Таким образом, параллельно терапевтическому катарсису (активному, деятельному вытеснению деструктивных эмоций страха, гнева и т.д. через преображение – отождествление себя с чем-то иным) теперь утверждается катарсис эстетический (очищение через сопереживание, узнавание «своего» в представленном в символической форме «ином»). Л.С. Выготский в диалектическом синтезе соединяет две эти концепции, предпринимая психофизиологическое исследование эстетической реакции, и приходит к выводу, зафиксированному в «Психологии искусства» следующим образом: «...действие искусства, когда оно совершает катарсис и вовлекает в этот очистительный огонь самые интимные, самые жизненно важные потрясения личной души, есть действие социальное. ...Переплавка чувств вне нас совершается силой социального чувства, которое объективировано, вынесено вне нас, материализовано и закреплено во внешних предметах искусства, которые сделались орудиями общества»14.

Согласно этой концепции, наиболее полно, на наш взгляд, отражающей механизм воздействия искусства на личность, катарсис соединяет в себе действие и восприятие действия, переживания и сопереживания, личностные, индивидуальные аспекты и социальные. Ещё в античную эпоху театр состоялся как социальный институт, differentia specifica которого является катартическое воздействие на личность: выступая своеобразным посредником между «обществом» и «личностью», театр способствует гармонизации жизненного мира человека, позволяя ему освободиться от нежелательных эмоций социально приемлемым способом.

1.3. «Реформаторские» теории театрального действа

или «возвращение к истокам»

Обязательно ли для катартического очищения нужна сцена? Театроведы Серебряного века ратуют за разрушение рампы и возвращение зрителя в круг вершителей таинства действа, отсутствие преграды между миром лицедействующих и миром воспринимающих лицедейство.

Вячеслав Иванов выражает эту позицию в своей концепции соборного синтетического театра, где словесное искусство и музыка (в виде оркестровой симфонии, хорового пения и танца) способствуют разнузданию стихии драматического действия. И действительно, как мы могли убедиться, при исполнении дионисийского культа каждый был активной деятельной стороной (соучаствовал, творил ритуальное действо) и пассивной (испытывающей на себе воздействие ритуала и освобождающейся от деструктивных эмоций): «Театр должен окончательно раскрыть свою динамическую сущность; итак, он должен перестать быть «театром» в смысле только «зрелища»… Довольно лицедейства, мы хотим действа. Зритель должен стать деятелем, соучастником действа.
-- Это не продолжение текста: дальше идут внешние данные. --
lemma sum_lagrange_basis:
  assumes Z: "finite Z" "Z \<noteq> {}"
  shows "(\<Sum>r\<in>Z. lagrange_basis Z r) = 1"
proof (rule ccontr)
  define D where "D = (\<Sum>r\<in>Z. lagrange_basis Z r) - 1"
  assume "(\<Sum>r\<in>Z. lagrange_basis Z r) \<noteq> 1"
  then have D0: "D \<noteq> 0" by (simp add: D_def)
  have "degree (lagrange_basis Z r) \<le> card Z - 1" if "r \<in> Z" for r
  proof -
    have "degree (lagrange_basis Z r) \<le> degree (\<Prod>r'\<in>Z-{r}. [:- r', 1:])"
      unfolding lagrange_basis_def by (rule degree_smult_le)
    also have "\<dots> = card Z - 1" using Z that by (simp add: degree_prod_linear)
    finally show ?thesis .
  qed
  then have "degree (\<Sum>r\<in>Z. lagrange_basis Z r) \<le> card Z - 1"
    by (intro degree_sum_le) (use Z in auto)
  then have deg: "degree D \<le> card Z - 1"
    unfolding D_def using degree_diff_le[of _ "card Z - 1" 1] by simp
  have "poly D r0 = 0" if "r0 \<in> Z" for r0
  proof -
    have "poly (\<Sum>r\<in>Z. lagrange_basis Z r) r0 = (\<Sum>r\<in>Z. if r0 = r then 1 else 0)"
      unfolding poly_sum using Z that by (intro sum.cong) (simp_all add: poly_lagrange_basis)
    also have "\<dots> = 1" using Z that by simp
    finally show ?thesis by (simp add: D_def)
  qed
  then have "card Z \<le> card {x. poly D x = 0}"
    by (intro card_mono poly_roots_finite D0) auto
  also have "\<dots> \<le> degree D" by (rule card_poly_roots_bound[OF D0])
  finally have "card Z \<le> degree D" .
  moreover have "card Z > 0" using Z by (simp add: card_gt_0_iff)
  ultimately show False using deg by linarith
qed

lemma dvd_linear_mult_lagrange_basis:
  assumes "finite Z" "r \<in> Z"
  shows "(\<Prod>r'\<in>Z. [:- r', 1:]) dvd [:- r, 1:] * lagrange_basis Z r"
proof -
  have "[:- r, 1:] * lagrange_basis Z r =
      smult (inverse (\<Prod>r'\<in>Z-{r}. (r - r'))) ([:- r, 1:] * (\<Prod>r'\<in>Z-{r}. [:- r', 1:]))"
    by (simp add: lagrange_basis_def)
  also have "[:- r, 1:] * (\<Prod>r'\<in>Z-{r}. [:- r', 1:]) = (\<Prod>r'\<in>Z. [:- r', 1:])"
    using prod.remove[OF assms, of "\<lambda>r'. [:- r', 1:]"] by simp
  finally show ?thesis by (metis dvd_refl dvd_smult)
qed

definition grid :: "('n \<Rightarrow> complex set) \<Rightarrow> (complex^'n) set" where
  "grid Z = {s. \<forall>j. s $ j \<in> Z j}"

definition grid_lagrange :: "('n \<Rightarrow> complex set) \<Rightarrow> complex^'n \<Rightarrow> complex^'n \<Rightarrow> complex" where
  "grid_lagrange Z s z = (\<Prod>j\<in>UNIV. poly (lagrange_basis (Z j) (s $ j)) (z $ j))"

lemma bij_betw_grid_PiE: "bij_betw vec_nth (grid Z) (PiE UNIV Z)"
  by (rule bij_betwI[where g=vec_lambda]) (auto simp: grid_def)

lemma finite_grid: "(\<And>j. finite (Z j)) \<Longrightarrow> finite (grid Z)"
  using bij_betw_finite[OF bij_betw_grid_PiE[of Z]] by (simp add: finite_PiE)

lemma sum_grid_lagrange:
  assumes "\<And>j. finite (Z j)" "\<And>j. Z j \<noteq> {}"
  shows "(\<Sum>s\<in>grid Z. grid_lagrange Z s z) = 1"
proof -
  have "(\<Sum>s\<in>grid Z. grid_lagrange Z s z) =
      (\<Sum>f\<in>PiE UNIV Z. \<Prod>j\<in>UNIV. poly (lagrange_basis (Z j) (f j)) (z $ j))"
    unfolding grid_lagrange_def
    using sum.reindex_bij_betw[OF bij_betw_grid_PiE[of Z],
        of "\<lambda>f. \<Prod>j\<in>UNIV. poly (lagrange_basis (Z j) (f j)) (z $ j)"] by simp
  also have "\<dots> = (\<Prod>j\<in>UNIV. \<Sum>r\<in>Z j. poly (lagrange_basis (Z j) r) (z $ j))"
    by (rule prod_sum_PiE[symmetric]) (use assms in auto)
  also have "\<dots> = 1" using sum_lagrange_basis[OF assms] by (simp flip: poly_sum)
  finally show ?thesis .
qed

lemma coord_ideal_grid_lagrange_reduce:
  assumes fin: "\<And>j. finite (Z j)" and s: "s \<in> grid Z" and P: "P \<in> cpoly_funs"
  shows "(\<lambda>z. P z * grid_lagrange Z s z - P s * grid_lagrange Z s z)
    \<in> coord_ideal (\<lambda>j. \<Prod>r\<in>Z j. [:- r, 1:])"
  using P
proof (induction rule: cpoly_funs.induct)
  case (const c)
  then show ?case by (simp add: coord_ideal_zero)
next
  case (coord i)
  define P' where "P' z = (\<Prod>j\<in>UNIV-{i}. poly (lagrange_basis (Z j) (s $ j)) (z $ j))" for z
  have "(\<lambda>z. P' z * poly ([:- s $ i, 1:] * lagrange_basis (Z i) (s $ i)) (z $ i))
      \<in> coord_ideal (\<lambda>j. \<Prod>r\<in>Z j. [:- r, 1:])"
    unfolding P'_def using fin s
    by (intro coord_ideal_multiple dvd_linear_mult_lagrange_basis cpoly_funs.prod_closed
        cpoly_funs_poly_coord) (auto simp: grid_def)
  moreover have "grid_lagrange Z s z = poly (lagrange_basis (Z i) (s $ i)) (z $ i) * P' z" for z
    unfolding grid_lagrange_def P'_def by (rule prod.remove) auto
  ultimately show ?case by (simp add: algebra_simps)
next
  case (add F G)
  then show ?case
    by (intro coord_ideal_cong[OF coord_ideal_add[OF add.IH]]) (simp add: algebra_simps)
next
  case (mult F G)
  have "(\<lambda>z. F z * (G z * grid_lagrange Z s z - G s * grid_lagrange Z s z)
      + G s * (F z * grid_lagrange Z s z - F s * grid_lagrange Z s z))
    \<in> coord_ideal (\<lambda>j. \<Prod>r\<in>Z j. [:- r, 1:])"
    using mult by (intro coord_ideal_add coord_ideal_mult) (auto intro: cpoly_funs.const)
  then show ?case by (rule coord_ideal_cong) (simp add: algebra_simps)
qed

lemma coord_ideal_vanishing_on_grid:
  assumes fin: "\<And>j. finite (Z j)" and ne: "\<And>j. Z j \<noteq> {}" and P: "P \<in> cpoly_funs"
    and van: "\<And>s. s \<in> grid Z \<Longrightarrow> P s = 0"
  shows "P \<in> coord_ideal (\<lambda>j. \<Prod>r\<in>Z j. [:- r, 1:])"
proof -
  have "(\<lambda>z. \<Sum>s\<in>grid Z. P z * grid_lagrange Z s z - P s * grid_lagrange Z s z)
      \<in> coord_ideal (\<lambda>j. \<Prod>r\<in>Z j. [:- r, 1:])"
    using finite_grid[OF fin] coord_ideal_grid_lagrange_reduce[OF fin _ P]
    by (intro coord_ideal_sum) auto
  moreover have "(\<Sum>s\<in>grid Z. P z * grid_lagrange Z s z - P s * grid_lagrange Z s z) = P z" for z
    using van sum_grid_lagrange[of Z z, OF fin ne] by (simp flip: sum_distrib_left)
  ultimately show ?thesis by simp
qed

lemma dvd_prod_roots_power:
  fixes p :: "complex poly"
  assumes p: "p \<noteq> 0" and deg: "degree p \<le> m"
  shows "p dvd (\<Prod>r\<in>{r. poly p r = 0}. [:- r, 1:]) ^ m"
proof -
  have "p = smult (lead_coeff p) (\<Prod>r\<in>{r. poly p r = 0}. [:- r, 1:] ^ order r p)"
    by (rule complex_poly_decompose[symmetric])
  also have "\<dots> dvd (\<Prod>r\<in>{r. poly p r = 0}. [:- r, 1:] ^ m)"
    unfolding smult_dvd_iff using p
    by (simp, intro prod_dvd_prod le_imp_power_dvd) (use order_degree[OF p] deg in \<open>auto intro: le_trans\<close>)
  finally show ?thesis by (simp add: prod_power_distrib)
qed

lemma coord_ideal_vanishing_on_roots:
  fixes p :: "'n::finite \<Rightarrow> complex poly"
  assumes deg: "\<And>j. 0 < degree (p j)" "\<And>j. degree (p j) \<le> m"
    and F: "F \<in> cpoly_funs" and van: "\<And>s. (\<And>j. poly (p j) (s $ j) = 0) \<Longrightarrow> F s = 0"
  shows "(\<lambda>z. F z ^ (m * CARD('n))) \<in> coord_ideal p"
proof -
  define Z where "Z j = {r. poly (p j) r = 0}" for j
  have p0: "p j \<noteq> 0" for j using deg(1)[of j] by auto
  have "finite (Z j)" for j unfolding Z_def using poly_roots_finite[OF p0] .
  moreover have "Z j \<noteq> {}" for j
    using fundamental_theorem_of_algebra[of "p j"] deg(1)[of j] by (auto simp: Z_def constant_degree)
  ultimately have "F \<in> coord_ideal (\<lambda>j. \<Prod>r\<in>Z j. [:- r, 1:])"
    using F van by (intro coord_ideal_vanishing_on_grid) (auto simp: grid_def Z_def)
  then show ?thesis
    by (rule coord_ideal_power) (simp add: Z_def dvd_prod_roots_power[OF p0 deg(2)])
qed

section \<open>Homomorphisms of invariant rings are evaluations\<close>

definition evaluates_at ::
    "(real^'n \<Rightarrow> real) set \<Rightarrow> ((real^'n \<Rightarrow> real) \<Rightarrow> real) \<Rightarrow> complex^'n \<Rightarrow> bool" where
  "evaluates_at S \<phi> z \<longleftrightarrow> (\<forall>f\<in>S. \<forall>F. cpoly_extends F f \<longrightarrow> F z = complex_of_real (\<phi> f))"

lemma evaluates_at_real_point:
  assumes "evaluates_at S \<phi> (cvec x)" "f \<in> S" "f \<in> poly_funs"
  shows "\<phi> f = f x"
proof -
  obtain F where "cpoly_extends F f" using assms(3) by (rule poly_funs_obtain_cpoly_extension)
  then show ?thesis using assms(1,2) by (force simp: evaluates_at_def cpoly_extends_def)
qed

lemma (in subring_hom) obtain_vanishing_outside_kernel:
  assumes "finite W" "\<And>w. w \<in> W \<Longrightarrow> \<not> evaluates_at S \<phi> w"
  obtains h H where "h \<in> S" "cpoly_extends H h" "\<And>w. w \<in> W \<Longrightarrow> H w = 0" "\<phi> h \<noteq> 0"
proof -
  have "\<forall>w\<in>W. \<exists>fF. fst fF \<in> S \<and> cpoly_extends (snd fF) (fst fF) \<and> snd fF w \<noteq> of_real (\<phi> (fst fF))"
    using assms(2) by (fastforce simp: evaluates_at_def)
  from bchoice[OF this] obtain fF where fF: "\<forall>w\<in>W. fst (fF w) \<in> S \<and>
      cpoly_extends (snd (fF w)) (fst (fF w)) \<and> snd (fF w) w \<noteq> of_real (\<phi> (fst (fF w)))" ..
  define f F where "f w = fst (fF w)" and "F w = snd (fF w)" for w
  have fF: "\<And>w. w \<in> W \<Longrightarrow> f w \<in> S"
    "\<And>w. w \<in> W \<Longrightarrow> cpoly_extends (F w) (f w)" "\<And>w. w \<in> W \<Longrightarrow> F w w \<noteq> of_real (\<phi> (f w))"
    using fF by (simp_all add: f_def F_def)
  define a b where "a w = Re (F w w)" and "b w = Im (F w w)" for w
  define h where "h x = (\<Prod>w\<in>W. (f w x - a w)^2 + (b w)^2)" for x
  define H where "H z = (\<Prod>w\<in>W. (F w z - of_real (a w))^2 + of_real ((b w)^2))" for z
  have "h \<in> S"
    unfolding h_def using assms(1) fF(1)
    by (intro prod_closed add_closed power_closed diff_closed const_closed)
  moreover have "cpoly_extends H h"
    using assms(1) fF(2) unfolding H_def h_def cpoly_extends_def
    by (auto intro!: cpoly_funs.prod_closed cpoly_funs.add cpoly_funs.power_closed
        cpoly_funs.diff_closed cpoly_funs.const)
  moreover have "H w = 0" if "w \<in> W" for w
  proof -
    have "(F w w - of_real (a w))^2 + of_real ((b w)^2) = 0"
      by (simp add: a_def b_def complex_eq_iff power2_eq_square)
    then show ?thesis unfolding H_def using assms(1) that by (intro prod_zero) auto
  qed
  moreover have "\<phi> h \<noteq> 0"
  proof -
    have "\<phi> h = (\<Prod>w\<in>W. (\<phi> (f w) - a w)^2 + (b w)^2)"
      unfolding h_def using assms(1) fF(1)
      by (simp add: hom_prod hom_add hom_power hom_diff hom_const add_closed power_closed
          diff_closed const_closed)
    moreover have "(\<phi> (f w) - a w)^2 + (b w)^2 \<noteq> 0" if "w \<in> W" for w
      using fF(3)[OF that] by (auto simp: a_def b_def complex_eq_iff sum_power2_eq_zero_iff)
    ultimately show ?thesis using assms(1) by simp
  qed
  ultimately show ?thesis by (rule that)
qed

lemma hom_vanishes_on_kernel_extension:
  assumes K: "finite_orth_group K" and hom: "ring_hom_on (inv_polys K) \<phi>"
    and h: "h \<in> inv_polys K" and I: "finite I"
    and e: "\<And>i. i \<in> I \<Longrightarrow> e i \<in> inv_polys K" "\<And>i. i \<in> I \<Longrightarrow> \<phi> (e i) = 0"
    and u: "\<And>i. i \<in> I \<Longrightarrow> u i \<in> poly_funs"
    and h_eq: "\<And>x. h x = (\<Sum>i\<in>I. e i x * u i x)"
  shows "\<phi> h = 0"
proof -
  interpret subring_hom "inv_polys K" \<phi> using hom by (rule subring_hom_inv_polys)
  define N where "N = real (card K)"
  have "N > 0" using K by (auto simp: N_def finite_orth_group_def card_gt_0_iff)
  define R where "R i = (\<lambda>x. (\<Sum>g\<in>K. u i (g *v x)) / N)" for i
  have R: "R i \<in> inv_polys K" if "i \<in> I" for i
    unfolding inv_polys_iff[OF K]
  proof (intro conjI ballI allI)
    have "(\<lambda>x. (1 / N) * (\<Sum>g\<in>K. u i (g *v x))) \<in> poly_funs"
      using K u[OF that] by (intro poly_funs.mult_closed poly_funs.const_closed poly_funs.sum_closed
          poly_funs_compose_matrix) (auto simp: finite_orth_group_def)
    then show "R i \<in> poly_funs" by (simp add: R_def)
    show "R i (\<sigma> *v x) = R i x" if "\<sigma> \<in> K" for \<sigma> x
      using sum_group_reindex[OF K that, of "\<lambda>g. u i (g *v x)"]
      by (simp add: R_def matrix_vector_mul_assoc)
  qed
  have "h x = (\<Sum>i\<in>I. e i x * R i x)" for x
  proof -
    have "h x = (\<Sum>g\<in>K. h (g *v x)) / N"
      using h K \<open>N > 0\<close> by (simp add: inv_polys_iff N_def)
    also have "\<dots> = (\<Sum>g\<in>K. \<Sum>i\<in>I. e i x * u i (g *v x)) / N"
      using e(1) K by (simp add: h_eq inv_polys_iff)
    also have "\<dots> = (\<Sum>i\<in>I. e i x * R i x)"
      by (simp add: R_def sum_divide_distrib sum_distrib_left sum.swap[of _ K])
    finally show ?thesis .
  qed
  then have "h = (\<lambda>x. \<Sum>i\<in>I. e i x * R i x)" ..
  then have "\<phi> h = (\<Sum>i\<in>I. \<phi> (e i) * \<phi> (R i))"
    using I e(1) R by (simp add: hom_sum hom_mult mult_closed)
  then show ?thesis using e(2) by simp
qed

text \<open>The image under \<open>\<phi>\<close> of the orbit polynomial of \<open>X_j\<close>: its roots are the candidates for the
  \<open>j\<close>-th coordinate of a point at which \<open>\<phi>\<close> is evaluation.\<close>

definition hom_coord_poly ::
    "(real^'n^'n) set \<Rightarrow> ((real^'n \<Rightarrow> real) \<Rightarrow> real) \<Rightarrow> 'n \<Rightarrow> complex poly" where
  "hom_coord_poly K \<phi> j = (\<Sum>k\<le>card K. monom (complex_of_real (\<phi> (orbit_coeff K (\<lambda>x. x $ j) k))) k)"
section \<open>Eigenvalues on local endomorphism rings\<close>

lemma linear_relation_step:
  fixes v :: "'a \<Rightarrow> nat \<Rightarrow> 'k::field"
  assumes K: "finite K" "k0 \<in> K" and pivot: "v k0 N \<noteq> 0"
    and c': "\<exists>k\<in>K - {k0}. c' k \<noteq> 0"
      "\<And>l. (\<Sum>k\<in>K - {k0}. c' k * (v k l - v k N / v k0 N * v k0 l)) = 0"
  shows "\<exists>c. (\<exists>k\<in>K. c k \<noteq> 0) \<and> (\<forall>l. (\<Sum>k\<in>K. c k * v k l) = 0)"
proof -
  define t where "t = (\<Sum>k\<in>K - {k0}. c' k * v k N) / v k0 N"
  define c where "c = (\<lambda>k. if k = k0 then - t else c' k)"
  have "(\<Sum>k\<in>K. c k * v k l) = 0" for l
  proof -
    have "(\<Sum>k\<in>K - {k0}. c k * v k l) = (\<Sum>k\<in>K - {k0}. c' k * v k l)"
      by (intro sum.cong) (auto simp: c_def)
    then have "(\<Sum>k\<in>K. c k * v k l) = - t * v k0 l + (\<Sum>k\<in>K - {k0}. c' k * v k l)"
      using K by (simp add: sum.remove c_def)
    also have "(\<Sum>k\<in>K - {k0}. c' k * v k l)
      = (\<Sum>k\<in>K - {k0}. c' k * (v k l - v k N / v k0 N * v k0 l) + c' k * (v k N / v k0 N) * v k0 l)"
      by (intro sum.cong) (auto simp: algebra_simps)
    also have "\<dots> = (\<Sum>k\<in>K - {k0}. c' k * (v k l - v k N / v k0 N * v k0 l)) + t * v k0 l"
      unfolding t_def sum.distrib by (simp add: sum_distrib_right sum_divide_distrib)
    finally show ?thesis using c'(2)[of l] by simp
  qed
  moreover have "\<exists>k\<in>K. c k \<noteq> 0" using c'(1) by (auto simp: c_def)
  ultimately show ?thesis by blast
qed

lemma exists_nontrivial_linear_relation:
  fixes v :: "'a \<Rightarrow> nat \<Rightarrow> 'k::field"
  assumes "finite K" "card K > N" "\<forall>k\<in>K. \<forall>l\<ge>N. v k l = 0"
  shows "\<exists>c. (\<exists>k\<in>K. c k \<noteq> 0) \<and> (\<forall>l. (\<Sum>k\<in>K. c k * v k l) = 0)"
  using assms
proof (induction N arbitrary: K v)
  case 0
  then obtain k0 where k0: "k0 \<in> K" by fastforce
  have "(\<Sum>k\<in>K. (if k = k0 then 1 else 0) * v k l) = 0" for l using 0 by (intro sum.neutral) auto
  then show ?case using k0 by (intro exI[of _ "\<lambda>k. if k = k0 then 1 else 0"]) auto
next
  case (Suc N)
  show ?case
  proof (cases "\<forall>k\<in>K. v k N = 0")
    case True
    then have "\<forall>k\<in>K. \<forall>l\<ge>N. v k l = 0" using Suc.prems(3) by (metis le_antisym not_less_eq_eq)
    then show ?thesis using Suc.IH[of K v] Suc.prems by simp
  next
    case False
    then obtain k0 where k0: "k0 \<in> K" "v k0 N \<noteq> 0" by blast
    define w where "w = (\<lambda>k l. v k l - v k N / v k0 N * v k0 l)"
    have "w k l = 0" if "k \<in> K" "N \<le> l" for k l
    proof (cases "l = N")
      case True
      then show ?thesis using k0 by (simp add: w_def)
    next
      case False
      then have "Suc N \<le> l" using that by simp
      then show ?thesis using Suc.prems(3) that k0(1) by (simp add: w_def)
    qed
    moreover have card_K': "N < card (K - {k0})" using Suc.prems(1,2) k0(1) by simp
    ultimately obtain c' where "\<exists>k\<in>K - {k0}. c' k \<noteq> 0" "\<forall>l. (\<Sum>k\<in>K - {k0}. c' k * w k l) = 0"
      using Suc.IH[of "K - {k0}" w] card_K' Suc.prems(1) by blast
    then show ?thesis using linear_relation_step[of K k0 v N c'] Suc.prems(1) k0 by (simp add: w_def)
  qed
qed
(* Let $G$ be a connected graph of order at least three. Then $\gamma_{cI}(G)=2\beta(G)$ if and only if $G\in\mathcal{G}$.
   Context: All graphs are finite and simple; $N(v)$ is the open neighborhood of $v$. A leaf is a vertex of degree one. $\beta(G)$ is the vertex cover number (minimum size of a set containing at least one endpoint of every edge). For $f:V(G)\to\{0,1,2\}$ let $V_i=\{v: f(v)=i\}$ and $\omega(f)=\sum_v f(v)$. A covering Italian dominating function (CID function) of $G$ is an $f:V(G)\to\{0,1,2\}$ such that every vertex $v$ with $f(v)=0$ satisfies $\sum_{u\in N(v)}f(u)\ge 2$, and $V_0$ is an independent set. $\gamma_{cI}(G)$ is the minimum of $\omega(f)$ over all CID functions of $G$. The family $\mathcal{G}$: a graph $G$ belongs to $\mathcal{G}$ if it is constructed from a graph $H$ (an induced subgraph of $G$) as follows: $S=V(G)\setminus V(H)$ is an independent set of $G$; every vertex of $H$ is joined to at least two vertices of $S$, at least one of which is a leaf of $G$; and for every $k\ge1$, any $k$ independent vertices of $H$, chosen among those vertices of $H$ adjacent to exactly one leaf in $S$, have (together) at least $k$ non-leaf (independent) neighbors in $S$. *)

theory Defs
  imports Main
begin
lemma norm_vector_average_inverse_le:
  fixes M :: "'m::finite \<Rightarrow> real^'n^'n"
  assumes lower: "\<And>i z. \<mu> * (z \<bullet> z) \<le> z \<bullet> (M i *v z)" and "0 < \<mu>"
  shows "norm (w v* ((1 / real CARD('m)) *\<^sub>R (\<Sum>i\<in>UNIV. matrix_inv (M i)))) \<le> norm w / \<mu>"
proof -
  have "norm (w v* ((1 / real CARD('m)) *\<^sub>R (\<Sum>i\<in>UNIV. matrix_inv (M i))))
      \<le> (\<Sum>i\<in>UNIV. norm (w v* matrix_inv (M i))) / real CARD('m)"
    using norm_average_le[of "\<lambda>i. w v* matrix_inv (M i)"]
    by (simp add: vector_scaleR_matrix_ac vector_matrix_mult_sum)
  also have "\<dots> \<le> (\<Sum>i\<in>(UNIV::'m set). norm w / \<mu>) / real CARD('m)"
    by (intro divide_right_mono sum_mono norm_vector_matrix_inv_le[OF lower \<open>0 < \<mu>\<close>]) simp
  also have "\<dots> = norm w / \<mu>"
    by simp
  finally show ?thesis .
qed

section \<open>Taylor estimates under a Lipschitz Hessian\<close>

lemma lipschitz_constant_nonneg:
  fixes H :: "'a::euclidean_space \<Rightarrow> 'b::real_normed_vector"
  assumes "\<And>x y. norm (H x - H y) \<le> C * norm (x - y)"
  shows "0 \<le> C"
proof -
  obtain b :: 'a where b: "b \<in> Basis" using nonempty_Basis by blast
  have "0 \<le> norm (H b - H 0)" by simp
  also have "\<dots> \<le> C" using assms[of b 0] b by simp
  finally show ?thesis .
qed
lemma mem_board_S_if_diag_of_row:
  assumes "r < m" "\<bar>x - y\<bar> \<le> int r" "x + y = diag_of_row ev m r"
  shows "(x, y) \<in> board_S m"
  using assms unfolding board_S_def diag_of_row_def by (auto split: if_splits)

lemma obtain_row_of_diag:
  assumes "(x, y) \<in> board_S m"
  obtains r where "r < m" "\<bar>x - y\<bar> \<le> int r" "x + y = diag_of_row (even (x + y)) m r"
proof (cases "x + y - 2 < int m")
  case True
  show ?thesis
  proof
    show "nat (x + y - 2) < m" "\<bar>x - y\<bar> \<le> int (nat (x + y - 2))"
      using True assms by (auto simp: board_S_def)
    show "x + y = diag_of_row (even (x + y)) m (nat (x + y - 2))"
      using assms by (auto simp: board_S_def diag_of_row_def even_nat_iff)
  qed
next
  case False
  show ?thesis
  proof
    show "nat (2 * int m + 1 - (x + y)) < m" "\<bar>x - y\<bar> \<le> int (nat (2 * int m + 1 - (x + y)))"
      using False assms by (auto simp: board_S_def)
    show "x + y = diag_of_row (even (x + y)) m (nat (2 * int m + 1 - (x + y)))"
      using assms by (auto simp: board_S_def diag_of_row_def even_nat_iff)
  qed
qed

lemma bishop_square_image:
  "bishop_square ev m ` (SIGMA r:{..<m}. parity_row ev r) = board_colour ev m"
proof (intro equalityI subsetI)
  fix p assume "p \<in> bishop_square ev m ` (SIGMA r:{..<m}. parity_row ev r)"
  then obtain r d where rd: "r < m" "\<bar>d\<bar> \<le> int r" "even d = ev"
    and p: "p = bishop_square ev m (r, d)"
    by (auto simp: parity_row_def)
  have sum: "diag_sum p = diag_of_row ev m r" and "diag_diff p = d"
    using rd(3) unfolding p by (simp_all add: diag_sum_bishop_square diag_diff_bishop_square)
  then have "p \<in> board_S m"
    using mem_board_S_if_diag_of_row[OF rd(1), of "fst p" "snd p" ev] rd(2)
    by (simp add: diag_sum_def diag_diff_def)
  then show "p \<in> board_colour ev m"
    using sum even_diag_of_row[of ev m r] by (simp add: board_colour_def)
next
  fix p assume p: "p \<in> board_colour ev m"
  obtain x y where xy: "p = (x, y)" by (cases p)
  then have board: "(x, y) \<in> board_S m" and ev: "even (x + y) = ev"
    using p by (auto simp: board_colour_def diag_sum_def)
  obtain r where r: "r < m" "\<bar>x - y\<bar> \<le> int r" "x + y = diag_of_row ev m r"
    using obtain_row_of_diag[OF board] ev by blast
  have "(r, x - y) \<in> (SIGMA r:{..<m}. parity_row ev r)"
    using r(1,2) ev by (simp add: parity_row_def)
  moreover have "p = bishop_square ev m (r, x - y)"
    unfolding xy bishop_square_def by (simp flip: r(3))
  ultimately show "p \<in> bishop_square ev m ` (SIGMA r:{..<m}. parity_row ev r)"
    by (rule rev_image_eqI)
qed

lemma card_rook_placements_parity_rows:
  "int (card (rook_placements (SIGMA r:{..<m}. parity_row ev r) k)) =
    binomial_Stirling_sum (card {i. i < m \<and> even i = ev}) m k"
proof -
  have "{i. i < m \<and> card (parity_row ev i) = Suc i} = {i. i < m \<and> even i = ev}"
    by (auto simp: card_parity_row)
  then show ?thesis
    using card_rook_placements_nested_rows[OF finite_parity_row mono_parity_row, of ev]
    by (simp add: card_parity_row)
qed

lemma card_placements_board_colour_eq_rook:
  "card (placements diag_sum diag_diff (board_colour ev m) k) =
    card (rook_placements (SIGMA r:{..<m}. parity_row ev r) k)"
  unfolding bishop_square_image[symmetric]
proof (rule card_placements_image)
  let ?U = "SIGMA r:{..<m}. parity_row ev r"
  show sum: "diag_sum (bishop_square ev m p) = diag_of_row ev m (fst p)"
    and diff: "diag_diff (bishop_square ev m p) = id (snd p)" if "p \<in> ?U" for p
    using that by (auto simp: parity_row_def diag_sum_bishop_square diag_diff_bishop_square)
  show "inj_on (diag_of_row ev m) (fst ` ?U)"
    using inj_on_diag_of_row by (rule inj_on_subset) auto
  show "inj_on (bishop_square ev m) ?U"
  proof (rule inj_onI)
    fix p q assume "p \<in> ?U" "q \<in> ?U" "bishop_square ev m p = bishop_square ev m q"
    then have "diag_of_row ev m (fst p) = diag_of_row ev m (fst q)" "snd p = snd q"
      using sum diff by (metis id_apply)+
    then show "p = q" using inj_onD[OF inj_on_diag_of_row] \<open>p \<in> ?U\<close> \<open>q \<in> ?U\<close>
      by (auto simp: prod_eq_iff)
  qed
  show "inj_on id (snd ` ?U)" by simp
qed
Толпа зрителей должна слиться в хоровое тело, подобное мистической общине стародавних «оргий» и «мистерий»15. Почему должна? Является ли самоцелью театр общины, соборного действа? Как и древнегреческий театр, выступавший в функции ещё одной агоры, служил для проигрывания драмы политической (например, комедии Аристофана), так и соборный театр Иванова служит высшей цели – способствовать творческому самоопределению народа, реализации его политических прав и свобод, оплотом демократии.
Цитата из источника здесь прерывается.